Michael tenait la clé USB dans sa main. Ce n’était pas seulement une vengeance. C’était la justice pour une famille qui ne savait même pas qui avait blessé son fils.
Il a mis le lecteur dans l’enveloppe finale. Adressé au bureau du procureur de district.
Michael s’assit sur sa chaise. Il regarda les trois enveloppes. Il ne cherchait pas seulement à obtenir des dommages et intérêts pour notre perte ; il cherchait à obtenir l’anéantissement total.
Le lendemain matin, le premier domino est tombé.
Je buvais du café, les yeux vides fixés sur la télévision, lorsqu’une alerte d’actualité est apparue sur mon téléphone.
“LE RESPONSABLE LOCAL DE LA SÉCURITÉ A ÉTÉ LICENCIÉ ET POURSUIVI POUR DÉTOURNEMENT DE FONDS DANS LE CADRE D’UNE ENQUÊTE FÉDÉRALE.”
L’article détaillait le raid dans le bureau de mon père. Il mentionnait des millions de dollars de fonds manquants. Il mentionnait une éventuelle peine de prison.
Je suis entré dans le bureau et j’ai montré le téléphone à Michael.
Il n’a pas souri.

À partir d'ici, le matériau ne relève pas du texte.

lemma exists_preimage_with_occurrences:
  fixes \<delta> :: "'q::finite list \<Rightarrow> 'q" and p :: "'q \<Rightarrow> real"
  assumes cb: "complete_bernoulli p" and wd: "length w \<le> d"
    and long: "(M + 1) * d \<le> r * n"
    and heavy: "2 * (1 - bernoulli_word p w) ^ M < pushforward_cyl \<delta> r p n u"
  shows "\<exists>v\<in>preimage_words \<delta> r n u.
    (\<exists>m<M. occurs_at w (r * n - M * d - length w + m * d) v)
    \<and> (\<exists>m<M. occurs_at w (r * n + length u + d + m * d) v)"
proof -
  define R where "R = r * n"
  define L where "L = length u + 2 * R"
  have "word_measure p L (\<lambda>v. \<not> (\<exists>m<M. occurs_at w (R - M * d - length w + m * d) v))
      + word_measure p L (\<lambda>v. \<not> (\<exists>m<M. occurs_at w (R + length u + d + m * d) v))
      = 2 * (1 - bernoulli_word p w) ^ M"
    using word_measure_no_occurrence_progression[OF cb wd, of "R - M * d - length w" M L]
      word_measure_no_occurrence_progression[OF cb wd, of "R + length u + d" M L]
      long[folded R_def] wd
    by (simp add: L_def)
  also have "\<dots> < word_measure p L (\<lambda>v. (apply_rule \<delta> r ^^ n) v = u)"
    using heavy by (simp add: pushforward_cyl_eq_word_measure L_def R_def mult.assoc)
  finally have "\<exists>v. length v = L \<and> (apply_rule \<delta> r ^^ n) v = u
      \<and> (\<exists>m<M. occurs_at w (R - M * d - length w + m * d) v)
      \<and> (\<exists>m<M. occurs_at w (R + length u + d + m * d) v)"
    by (rule exists_word_avoiding_light_events[OF cb])
  then show ?thesis
    unfolding preimage_words_def L_def R_def by (auto simp: mult.assoc)
qed

lemma framed_preimage_if_heavy:
  fixes \<delta> :: "'q::finite list \<Rightarrow> 'q" and p :: "'q \<Rightarrow> real"
  assumes cb: "complete_bernoulli p"
    and long: "(M + 1) * Suc (length w) \<le> r * n"
    and heavy: "2 * (1 - bernoulli_word p w) ^ M < pushforward_cyl \<delta> r p n u"
  shows "\<exists>k1\<in>{1..M * Suc (length w)}. \<exists>k2\<in>{1..M * Suc (length w)}. framed_preimage \<delta> r u w k1 k2 n"
proof -
  \<comment> \<open>Slots of width \<open>|w| + 1\<close> rather than \<open>|w|\<close> keep \<open>k1, k2\<close> positive also for empty \<open>w\<close>.\<close>
  define d where "d = Suc (length w)"
  have "0 < d" and "length w \<le> d" and long_d: "M * d + d \<le> r * n"
    using long unfolding d_def by simp_all
  obtain v m1 m2 where v: "v \<in> preimage_words \<delta> r n u"
    and m1: "m1 < M" "occurs_at w (r * n - M * d - length w + m1 * d) v"
    and m2: "m2 < M" "occurs_at w (r * n + length u + d + m2 * d) v"
    using exists_preimage_with_occurrences[OF cb _ long heavy] unfolding d_def by auto
  define k1 where "k1 = (M - m1) * d"
  define k2 where "k2 = Suc m2 * d"
  have k1: "k1 \<in> {1..M * d}"
    using m1 \<open>0 < d\<close> unfolding k1_def by (auto simp: Suc_le_eq intro!: mult_le_mono1)
  have k2: "k2 \<in> {1..M * d}"
    using mult_le_mono1[of "Suc m2" M d] m2 \<open>0 < d\<close> unfolding k2_def by simp
  have "m1 * d + k1 = M * d"
    using m1 unfolding k1_def by (simp add: add_mult_distrib[symmetric])
  then have "r * n - M * d - length w + m1 * d = r * n - k1 - length w"
    using long_d \<open>length w \<le> d\<close> by simp
  with m1(2) have occ1: "occurs_at w (r * n - k1 - length w) v"
    by simp
  have "r * n + length u + d + m2 * d = r * n + length u + k2"
    unfolding k2_def by simp
  with m2(2) have occ2: "occurs_at w (r * n + length u + k2) v"
    by simp
  have "k1 + length w \<le> r * n" "k2 + length w \<le> r * n"
    using k1 k2 long_d unfolding d_def by auto
  then have "framed_preimage \<delta> r u w k1 k2 n"
    by (rule framed_preimage_if_occurs_at[OF v occ1 occ2])
  with k1 k2 show ?thesis
    unfolding d_def by blast
qed

lemma not_tendsto_zero_frequently_ge:
  fixes f :: "nat \<Rightarrow> real"
  assumes "\<And>n. 0 \<le> f n" and "\<not> f \<longlonglongrightarrow> 0"
  shows "\<exists>e>0. \<exists>\<^sub>F n in sequentially. e \<le> f n"
proof -
  obtain e where "e > 0" and "\<not> (\<forall>\<^sub>F n in sequentially. dist (f n) 0 < e)"
    using assms(2) unfolding tendsto_iff by blast
  then show ?thesis
    using assms(1) unfolding not_eventually by (auto elim!: frequently_elim1)
qed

Il ne se réjouissait pas. Il a simplement pris un marqueur rouge et a rayé le nom de David d’une liste sur son tableau blanc.
“Il en reste deux”, dit-il.
Partie 5 : Les confessions sous serment
L’agression judiciaire a été rapide et brutale.

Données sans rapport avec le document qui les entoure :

(* Let $n\ge 2$ and let $p=a_1a_2\cdots a_n$ be a permutation of $\{1,\dots,n\}$ such that $a_{j+1}=a_j+1$ for some $j\in\{1,\dots,n-1\}$. Let $\hat p|_{\{a_j\}}$ denote the permutation of $\{1,\dots,n-1\}$ that is order-isomorphic to the sequence obtained from $p$ by deleting the entry $a_j$. Then $p$ is achievable by two stacks in series if and only if $\hat p|_{\{a_j\}}$ is achievable by two stacks in series.
   Context: Two stacks in series: a machine with an input stream, a first stack, a second stack and an output stream, with three moves: $\rho$ moves the next element of the input onto the top of the first stack; $\lambda$ moves the top element of the first stack onto the top of the second stack; $\mu$ moves the top element of the second stack to the end of the output. A permutation $q$ of $\{1,\dots,m\}$ is achievable if, starting with input $1,2,\dots,m$ (in this order) and both stacks empty, some finite sequence of these moves ends with empty input, empty stacks, and output equal to $q$. *)

theory Defs
  imports Main
begin

text \<open>Configurations of the machine: (input, first stack, second stack, output).
  Stacks are lists whose head is the top element.\<close>
type_synonym config = "nat list \<times> nat list \<times> nat list \<times> nat list"

inductive move :: "config \<Rightarrow> config \<Rightarrow> bool" where
  rho: "move (x # inp, s1, s2, out) (inp, x # s1, s2, out)"
| lambda: "move (inp, x # s1, s2, out) (inp, s1, x # s2, out)"
| mu: "move (inp, s1, x # s2, out) (inp, s1, s2, out @ [x])"

definition achievable :: "nat list \<Rightarrow> bool" where
  "achievable q \<longleftrightarrow> move\<^sup>*\<^sup>* ([1..<length q + 1], [], [], []) ([], [], [], q)"

definition is_perm :: "nat \<Rightarrow> nat list \<Rightarrow> bool" where
  "is_perm n p \<longleftrightarrow> length p = n \<and> distinct p \<and> set p = {1..n}"

definition order_iso :: "nat list \<Rightarrow> nat list \<Rightarrow> bool" where
  "order_iso xs ys \<longleftrightarrow> length xs = length ys \<and>
     (\<forall>i < length xs. \<forall>k < length xs. xs ! i < xs ! k \<longleftrightarrow> ys ! i < ys ! k)"

end

theory Submission
  imports Defs
begin

text \<open>Both directions transform runs of the machine. Deleting the value \<open>v\<close> from every
  list of every configuration of a run for \<open>p\<close> yields a run (each move either survives or
  becomes idle). Conversely, since \<open>v\<close> and \<open>v + 1\<close> are adjacent both in the input and in
  \<open>p\<close>, a run producing \<open>p\<close> with \<open>v\<close> deleted can be turned back into a run for \<open>p\<close> by letting
  \<open>v\<close> travel glued to \<open>v + 1\<close>: each move of \<open>v + 1\<close> becomes two moves. Relabelling by the
  order-preserving map that skips \<open>v\<close> finally identifies the shortened output with the
  standardisation \<open>q\<close>.\<close>

definition produces :: "nat list \<Rightarrow> nat list \<Rightarrow> bool" where
  "produces inp out \<longleftrightarrow> move\<^sup>*\<^sup>* (inp, [], [], []) ([], [], [], out)"

lemma achievable_iff_produces: "achievable q \<longleftrightarrow> produces [1..<length q + 1] q"
  by (simp add: achievable_def produces_def)

lemma rtranclp_simulation:
  assumes "\<And>x y. r x y \<Longrightarrow> s\<^sup>*\<^sup>* (f x) (f y)" and "r\<^sup>*\<^sup>* x y"
  shows "s\<^sup>*\<^sup>* (f x) (f y)"
  using assms(2)
proof induction
  case (step y z)
  then show ?case
    using assms(1) rtranclp_trans by metis
qed simp

lemma produces_simulation:
  assumes "\<And>c c'. move c c' \<Longrightarrow> move\<^sup>*\<^sup>* (F c) (F c')"
    and "F (inp, [], [], []) = (inp', [], [], [])" and "F ([], [], [], out) = ([], [], [], out')"
    and "produces inp out"
  shows "produces inp' out'"
  using rtranclp_simulation[of move move F, OF assms(1) assms(4)[unfolded produces_def]] assms(2,3)
  by (simp add: produces_def)

fun map_config :: "(nat \<Rightarrow> nat) \<Rightarrow> config \<Rightarrow> config" where
  "map_config f (inp, s1, s2, out) = (map f inp, map f s1, map f s2, map f out)"

lemma move_map_config: "move c c' \<Longrightarrow> move (map_config f c) (map_config f c')"
  by (induction rule: move.induct) (auto intro: move.intros)

lemma produces_map: "produces inp out \<Longrightarrow> produces (map f inp) (map f out)"
  by (rule produces_simulation[of "map_config f"]) (auto intro: move_map_config)

lemma produces_map_iff:
  assumes "inj f"
  shows "produces (map f inp) (map f out) \<longleftrightarrow> produces inp out"
  using produces_map[of "map f inp" "map f out" "inv f"] produces_map[of inp out f]
  by (auto simp: inv_f_f[OF assms] map_idI)

fun filter_config :: "(nat \<Rightarrow> bool) \<Rightarrow> config \<Rightarrow> config" where
  "filter_config P (inp, s1, s2, out) = (filter P inp, filter P s1, filter P s2, filter P out)"

lemma move_filter_config: "move c c' \<Longrightarrow> move\<^sup>*\<^sup>* (filter_config P c) (filter_config P c')"
  by (induction rule: move.induct) (auto intro: move.intros)

lemma produces_filter: "produces inp out \<Longrightarrow> produces (filter P inp) (filter P out)"
  by (rule produces_simulation[of "filter_config P"]) (auto intro: move_filter_config)

definition ins_before :: "nat \<Rightarrow> nat \<Rightarrow> nat list \<Rightarrow> nat list" where
  "ins_before v u xs = concat (map (\<lambda>x. if x = u then [v, u] else [x]) xs)"

definition ins_after :: "nat \<Rightarrow> nat \<Rightarrow> nat list \<Rightarrow> nat list" where
  "ins_after v u xs = concat (map (\<lambda>x. if x = u then [u, v] else [x]) xs)"

lemma ins_before_simps [simp]:
  "ins_before v u [] = []"
  "ins_before v u (x # xs) = (if x = u then [v, u] else [x]) @ ins_before v u xs"
  "ins_before v u (xs @ ys) = ins_before v u xs @ ins_before v u ys"
  by (simp_all add: ins_before_def)

lemma ins_after_simps [simp]:
  "ins_after v u [] = []"
  "ins_after v u (x # xs) = (if x = u then [u, v] else [x]) @ ins_after v u xs"
  by (simp_all add: ins_after_def)

lemma ins_before_id: "u \<notin> set xs \<Longrightarrow> ins_before v u xs = xs"
  by (induction xs) auto

text \<open>The first stack reverses the order of its contents, so there \<open>v\<close> sits below \<open>u\<close>.\<close>

fun glue_config :: "nat \<Rightarrow> nat \<Rightarrow> config \<Rightarrow> config" where
  "glue_config v u (inp, s1, s2, out) =
     (ins_before v u inp, ins_after v u s1, ins_before v u s2, ins_before v u out)"

lemma move_two_steps: "move c c' \<Longrightarrow> move c' c'' \<Longrightarrow> move\<^sup>*\<^sup>* c c''"
  by (meson converse_rtranclp_into_rtranclp r_into_rtranclp)

lemma move_glue_config: "move c c' \<Longrightarrow> move\<^sup>*\<^sup>* (glue_config v u c) (glue_config v u c')"
proof (induction rule: move.induct)
  case (rho x inp s1 s2 out)
  then show ?case
    by (cases "x = u") (auto intro: move.rho move_two_steps)
next
  case (lambda inp x s1 s2 out)
  then show ?case
    by (cases "x = u") (auto intro: move.lambda move_two_steps)
next
  case (mu inp s1 x s2 out)
  have "move\<^sup>*\<^sup>* (i, a, v # u # b, c) (i, a, b, c @ [v, u])" for i a b c
    using move_two_steps[OF move.mu[of i a v "u # b" c] move.mu[of i a u b "c @ [v]"]] by simp
  then show ?case
    by (cases "x = u") (auto intro: move.mu)
qed

lemma produces_glue: "produces inp out \<Longrightarrow> produces (ins_before v u inp) (ins_before v u out)"
  by (rule produces_simulation[of "glue_config v u"]) (auto intro: move_glue_config)

lemma produces_adjacent_pair_iff:
  assumes "distinct (a @ v # u # b)" and "distinct (c @ v # u # d)"
  shows "produces (a @ v # u # b) (c @ v # u # d) \<longleftrightarrow> produces (a @ u # b) (c @ u # d)"
proof
  have "filter (\<lambda>x. x \<noteq> v) zs = zs" if "v \<notin> set zs" for zs
    using that by (auto intro: filter_True)
  then have "filter (\<lambda>x. x \<noteq> v) (a @ v # u # b) = a @ u # b"
    and "filter (\<lambda>x. x \<noteq> v) (c @ v # u # d) = c @ u # d"
    using assms by auto
  then show "produces (a @ v # u # b) (c @ v # u # d) \<Longrightarrow> produces (a @ u # b) (c @ u # d)"
    using produces_filter[of "a @ v # u # b" "c @ v # u # d" "\<lambda>x. x \<noteq> v"] by argo
next
  have "ins_before v u (a @ u # b) = a @ v # u # b"
    and "ins_before v u (c @ u # d) = c @ v # u # d"
    using assms by (simp_all add: ins_before_id)
  then show "produces (a @ u # b) (c @ u # d) \<Longrightarrow> produces (a @ v # u # b) (c @ v # u # d)"
    using produces_glue[of "a @ u # b" "c @ u # d" v u] by argo
qed

lemma card_less_nth_eq_card_less:
  assumes "distinct xs"
  shows "card {k. k < length xs \<and> xs ! k < y} = card {z \<in> set xs. z < y}"
proof -
  have "{z \<in> set xs. z < y} = nth xs ` {k. k < length xs \<and> xs ! k < y}"
    by (auto simp: in_set_conv_nth)
  moreover have "inj_on (nth xs) {k. k < length xs \<and> xs ! k < y}"
    using assms by (simp add: inj_on_nth)
  ultimately show ?thesis by (simp add: card_image)
qed

text \<open>An entry of a distinct list is determined by the number of entries below it.\<close>

lemma order_iso_eq:
  assumes "distinct xs" "distinct ys" "set xs = set ys" "order_iso xs ys"
  shows "xs = ys"
proof (rule nth_equalityI)
  show len: "length xs = length ys"
    using assms(4) by (simp add: order_iso_def)
  define rank where "rank y = card {z \<in> set xs. z < y}" for y
  have rank_mono: "rank y < rank y'" if "y < y'" "y \<in> set xs" for y y'
    unfolding rank_def using that by (intro psubset_card_mono) auto
  fix i assume i: "i < length xs"
  have "rank (xs ! i) = card {k. k < length xs \<and> xs ! k < xs ! i}"
    using card_less_nth_eq_card_less[OF assms(1)] by (simp add: rank_def)
  also have "{k. k < length xs \<and> xs ! k < xs ! i} = {k. k < length ys \<and> ys ! k < ys ! i}"
    using assms(4) i len unfolding order_iso_def by auto
  also have "card \<dots> = rank (ys ! i)"
    using card_less_nth_eq_card_less[OF assms(2)] assms(3) by (simp add: rank_def)
  finally have "rank (xs ! i) = rank (ys ! i)" .
  moreover have "xs ! i \<in> set xs" "ys ! i \<in> set xs"
    using i len assms(3) by (metis nth_mem)+
  ultimately show "xs ! i = ys ! i"
    using rank_mono[of "xs ! i" "ys ! i"] rank_mono[of "ys ! i" "xs ! i"]
    by (cases "xs ! i" "ys ! i" rule: linorder_cases) auto
qed

lemma order_iso_map_strict_mono:
  "strict_mono f \<Longrightarrow> order_iso (map f xs) ys \<longleftrightarrow> order_iso xs ys"
  by (simp add: order_iso_def strict_mono_less)

definition skip :: "nat \<Rightarrow> nat \<Rightarrow> nat" where
  "skip v x = (if x < v then x else Suc x)"

lemma strict_mono_skip: "strict_mono (skip v)"
  by (rule strict_monoI) (auto simp: skip_def)

lemma skip_image_atLeastAtMost:
  assumes "1 \<le> v" "v \<le> Suc m"
  shows "skip v ` {1..m} = {1..Suc m} - {v}"
proof
  show "skip v ` {1..m} \<subseteq> {1..Suc m} - {v}"
    using assms by (auto simp: skip_def)
  show "{1..Suc m} - {v} \<subseteq> skip v ` {1..m}"
  proof
    fix y assume y: "y \<in> {1..Suc m} - {v}"
    show "y \<in> skip v ` {1..m}"
    proof (cases "y < v")
      case True
      then show ?thesis
        using y assms by (intro image_eqI[of _ _ y]) (auto simp: skip_def)
    next
      case False
      then show ?thesis
        using y assms by (intro image_eqI[of _ _ "y - 1"]) (auto simp: skip_def)
    qed
  qed
qed

lemma map_skip_upt:
  assumes "1 \<le> v" "v \<le> n"
  shows "map (skip v) [1..<n] = [1..<v] @ [Suc v..<Suc n]"
proof -
  have "[1..<n] = [1..<v] @ [v..<n]"
    using assms upt_add_eq_append[of 1 v "n - v"] by simp
  moreover have "map (skip v) [1..<v] = [1..<v]"
    by (rule map_idI) (simp add: skip_def)
  moreover have "map (skip v) [v..<n] = map Suc [v..<n]"
    by (simp add: skip_def)
  ultimately show ?thesis
    by (simp add: map_Suc_upt)
qed

lemma standardisation_eq_map_skip:
  assumes "is_perm m q" "order_iso q xs" "distinct xs" "set xs = {1..Suc m} - {v}"
    and "1 \<le> v" "v \<le> Suc m"
  shows "xs = map (skip v) q"
proof (rule sym, rule order_iso_eq)
  show "distinct (map (skip v) q)"
    using assms(1) strict_mono_skip by (simp add: is_perm_def distinct_map strict_mono_imp_inj_on)
  show "set (map (skip v) q) = set xs"
    using assms(1,4-) skip_image_atLeastAtMost[of v m] by (simp add: is_perm_def)
  show "order_iso (map (skip v) q) xs"
    using assms(2) strict_mono_skip by (simp add: order_iso_map_strict_mono)
qed (use assms(3) in simp)

lemma perm_adjacent_decomp:
  assumes "is_perm n p" "j + 1 < n" "p ! (j + 1) = p ! j + 1"
  obtains a b where "p = a @ p ! j # Suc (p ! j) # b"
    and "take j p @ drop (j + 1) p = a @ Suc (p ! j) # b"
    and "1 \<le> p ! j" "Suc (p ! j) \<le> n"
proof
  have len: "length p = n" and set_p: "set p = {1..n}"
    using assms(1) by (auto simp: is_perm_def)
  have drop_Suc: "drop (j + 1) p = Suc (p ! j) # drop (j + 2) p"
    using assms len by (simp add: Cons_nth_drop_Suc[symmetric])
  then show "p = take j p @ p ! j # Suc (p ! j) # drop (j + 2) p"
    using assms(2) len by (metis Cons_nth_drop_Suc Suc_eq_plus1 add_lessD1 append_take_drop_id)
  show "take j p @ drop (j + 1) p = take j p @ Suc (p ! j) # drop (j + 2) p"
    using drop_Suc by simp
  show "1 \<le> p ! j" "Suc (p ! j) \<le> n"
    using nth_mem[of j p] nth_mem[of "j + 1" p] assms(2,3) len set_p by auto
qed

lemma produces_upt_delete_adjacent:
  assumes "1 \<le> v" "Suc v \<le> n" "distinct (a @ v # Suc v # b)" "a @ Suc v # b = map (skip v) q"
  shows "produces [1..<n + 1] (a @ v # Suc v # b) \<longleftrightarrow> produces [1..<n] q"
proof -
  have upt: "[1..<n + 1] = [1..<v] @ v # Suc v # [v + 2..<n + 1]"
    using assms(1,2) upt_add_eq_append[of 1 v "n + 1 - v"] by (simp add: upt_conv_Cons)
  have skip_upt: "map (skip v) [1..<n] = [1..<v] @ Suc v # [v + 2..<n + 1]"
    using map_skip_upt[of v n] assms(1,2) upt_conv_Cons[of "Suc v" "Suc n"] by simp
  have "produces [1..<n + 1] (a @ v # Suc v # b)
      \<longleftrightarrow> produces ([1..<v] @ Suc v # [v + 2..<n + 1]) (a @ Suc v # b)"
    unfolding upt using assms(3) distinct_upt[of 1 "n + 1"]
    by (intro produces_adjacent_pair_iff) (simp_all only: upt)
  also have "\<dots> \<longleftrightarrow> produces (map (skip v) [1..<n]) (map (skip v) q)"
    using assms(4) skip_upt by (simp only:)
  also have "\<dots> \<longleftrightarrow> produces [1..<n] q"
    by (intro produces_map_iff strict_mono_imp_inj_on strict_mono_skip)
  finally show ?thesis .
qed

theorem mainTheorem1:
  fixes n j :: nat and p q :: "nat list"
  assumes "n \<ge> 2"
    and "is_perm n p"
    and "j + 1 < n" and "p ! (j + 1) = p ! j + 1"
    and "is_perm (n - 1) q"
    and "order_iso q (take j p @ drop (j + 1) p)"
  shows "achievable p \<longleftrightarrow> achievable q"
proof -
  define v where "v = p ! j"
  obtain a b where p: "p = a @ v # Suc v # b" and p': "take j p @ drop (j + 1) p = a @ Suc v # b"
    and v: "1 \<le> v" "Suc v \<le> n"
    using perm_adjacent_decomp[OF assms(2-4)] unfolding v_def .
  have distinct: "distinct (a @ v # Suc v # b)"
    using assms(2) p by (simp add: is_perm_def)
  have "set (a @ Suc v # b) = set p - {v}"
    using distinct p by auto
  then have "a @ Suc v # b = map (skip v) q"
    using standardisation_eq_map_skip[of "n - 1" q "a @ Suc v # b" v] assms(1,2,5,6) p' distinct v
    by (simp add: is_perm_def)
  then have "produces [1..<n + 1] p \<longleftrightarrow> produces [1..<n] q"
    using produces_upt_delete_adjacent[OF v distinct] p by simp
  moreover have "length p + 1 = n + 1" "length q + 1 = n"
    using assms(1,2,5) by (simp_all add: is_perm_def)
  ultimately show ?thesis
    by (simp only: achievable_iff_produces)
qed

end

En une semaine, ma mère a été arrêtée pour fraude et vol. Les informations locales la montraient emmenée hors de sa maison menottée, pleurant théâtralement devant les caméras.
Deux jours plus tard, la police a de nouveau encerclé la maison. Cette fois pour Erica. Elle a été accusée de délit de fuite, de distribution de stupéfiants et d’agression. En raison du risque de fuite et de la gravité des crimes, la libération sous caution a été refusée.

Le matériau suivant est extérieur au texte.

lemma power_pi_assoc:
  assumes r: "Well_order r" and F: "\<And>i. i \<in> Field r \<Longrightarrow> F i \<subseteq> C" and s: "Well_order s"
    and g: "g ` Field r \<subseteq> Field s" and mono: "\<And>i j. (i, j) \<in> r \<Longrightarrow> (g i, g j) \<in> s"
  shows "power_pi pi s (\<lambda>j. power_pi pi (Restr r {i \<in> Field r. g i = j}) F) = power_pi pi r F"
proof -
  define R where "R j = Restr r {i \<in> Field r. g i = j}" for j
  have R_Field: "Field (R j) = {i \<in> Field r. g i = j}" for j
    unfolding R_def using r by (intro Refl_Field_Restr2) (auto simp: order_on_defs)
  have R: "Well_order (R j)" for j
    unfolding R_def by (rule Well_order_Restr[OF r])
  have regroup: "pi s (\<lambda>j. pi (R j) f) = pi r f" if "\<And>i. i \<in> Field r \<Longrightarrow> f i \<in> C" for f
    unfolding R_def by (rule pi_assoc[OF r that s g mono])
  have "power_pi pi s (\<lambda>j. power_pi pi (R j) F) = power_pi pi r F"
  proof (intro equalityI subsetI)
    fix x assume "x \<in> power_pi pi r F"
    then obtain f where x: "x = pi r f" and f: "\<forall>i\<in>Field r. f i \<in> F i"
      unfolding power_pi_def by blast
    have "pi (R j) f \<in> power_pi pi (R j) F" for j
      using f unfolding power_pi_def R_Field by blast
    moreover have "x = pi s (\<lambda>j. pi (R j) f)"
      using x f F by (subst regroup) blast+
    ultimately show "x \<in> power_pi pi s (\<lambda>j. power_pi pi (R j) F)"
      unfolding power_pi_def by blast
  next
    fix x assume "x \<in> power_pi pi s (\<lambda>j. power_pi pi (R j) F)"
    then obtain G where x: "x = pi s G" and G: "\<forall>j\<in>Field s. G j \<in> power_pi pi (R j) F"
      unfolding power_pi_def by blast
    then have "\<forall>j\<in>Field s. \<exists>\<psi>. G j = pi (R j) \<psi> \<and> (\<forall>i\<in>Field (R j). \<psi> i \<in> F i)"
      unfolding power_pi_def by blast
    then obtain \<phi> where \<phi>: "\<forall>j\<in>Field s. G j = pi (R j) (\<phi> j) \<and> (\<forall>i\<in>Field (R j). \<phi> j i \<in> F i)"
      by metis
    define f where "f i = \<phi> (g i) i" for i
    have f: "f i \<in> F i" if "i \<in> Field r" for i
      using \<phi> g that unfolding f_def R_Field by blast
    have "G j = pi (R j) f" if j: "j \<in> Field s" for j
    proof -
      have "pi (R j) (\<phi> j) = pi (R j) f"
        using \<phi> F j unfolding f_def R_Field by (intro pi_cong[OF R]) (auto simp: R_Field)
      then show ?thesis using \<phi> j by simp
    qed
    moreover have "pi (R j) f \<in> C" for j
      using f F by (intro pi_closed[OF R]) (auto simp: R_Field)
    ultimately have "x = pi s (\<lambda>j. pi (R j) f)"
      unfolding x by (intro pi_cong[OF s]) auto
    also have "\<dots> = pi r f"
      using f F by (intro regroup) blast
    finally show "x \<in> power_pi pi r F"
      unfolding power_pi_def using f by blast
  qed
  then show ?thesis unfolding R_def .
qed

Mais Michael n’avait pas fini. Il voulait qu’ils admettent ce qu’ils m’avaient fait.
Il a intenté une action civile pour mort injustifiée et agression. Pas pour l’argent —il ne leur en restait plus— mais pour la déposition.
Il les voulait sous serment.
La déposition a eu lieu dans une salle de conférence stérile. Mes parents, libérés sous caution, avaient l’air hagards. Erica était là dans une combinaison orange, des chaînes aux poignets.
Michel était l’inquisiteur.
Il a diffusé l’enregistrement de l’appel au 911 que j’avais passé depuis l’hôpital. Il a montré les photos de mes bleus.
Puis, il se tourna vers Erica.
“Tu as dit : ‘Je parie que si j’essayais vraiment, je pourrais le rendre silencieux’ ?” Michael a demandé.
“Je plaisantais !” Erica hurla, sa voix stridente et paniquée. “Je ne voulais pas le tuer ! Je voulais juste voir si elle mentait ! Sarah est toujours le centre de l’attention ! Elle faisait semblant d’être blessée !”
“Alors tu lui as donné un coup de pied pour prouver quelque chose ?”
“Oui! Elle le méritait pour m’avoir ignoré !”
Michael s’est tourné vers mon père.
“Monsieur Miller, pourquoi n’avez-vous pas appelé le 911 immédiatement après que votre fille ait perdu connaissance ?”
Mon père s’est déplacé sur son siège. “Nous… nous lui avons dit de se lever parce que… eh bien, Erica s’énerve facilement quand des gens sont blessés. Nous ne voulions pas qu’Erica se sente mal. Nous pensions que Sarah était dramatique.”
Le silence dans la pièce était assourdissant. Même le sténographe judiciaire s’arrêta, levant les yeux avec horreur.
“Alors” Michael a dit, sa voix mortellement calme, “votre priorité était les sentiments de l’agresseur, pas la vie de la victime qui saignait ?”
Ma mère marmonnait en regardant la table : “Sarah est dure. Elle a toujours été la reine du drame. Nous n’avons pas pensé…”
“Non”, dit Michael en fermant son dossier. “Tu n’as pas réfléchi. Vous venez de protéger le monstre que vous avez créé.”
Lorsque les transcriptions ont été légalement publiées dans le dossier public du procès civil, le tollé a été assourdissant.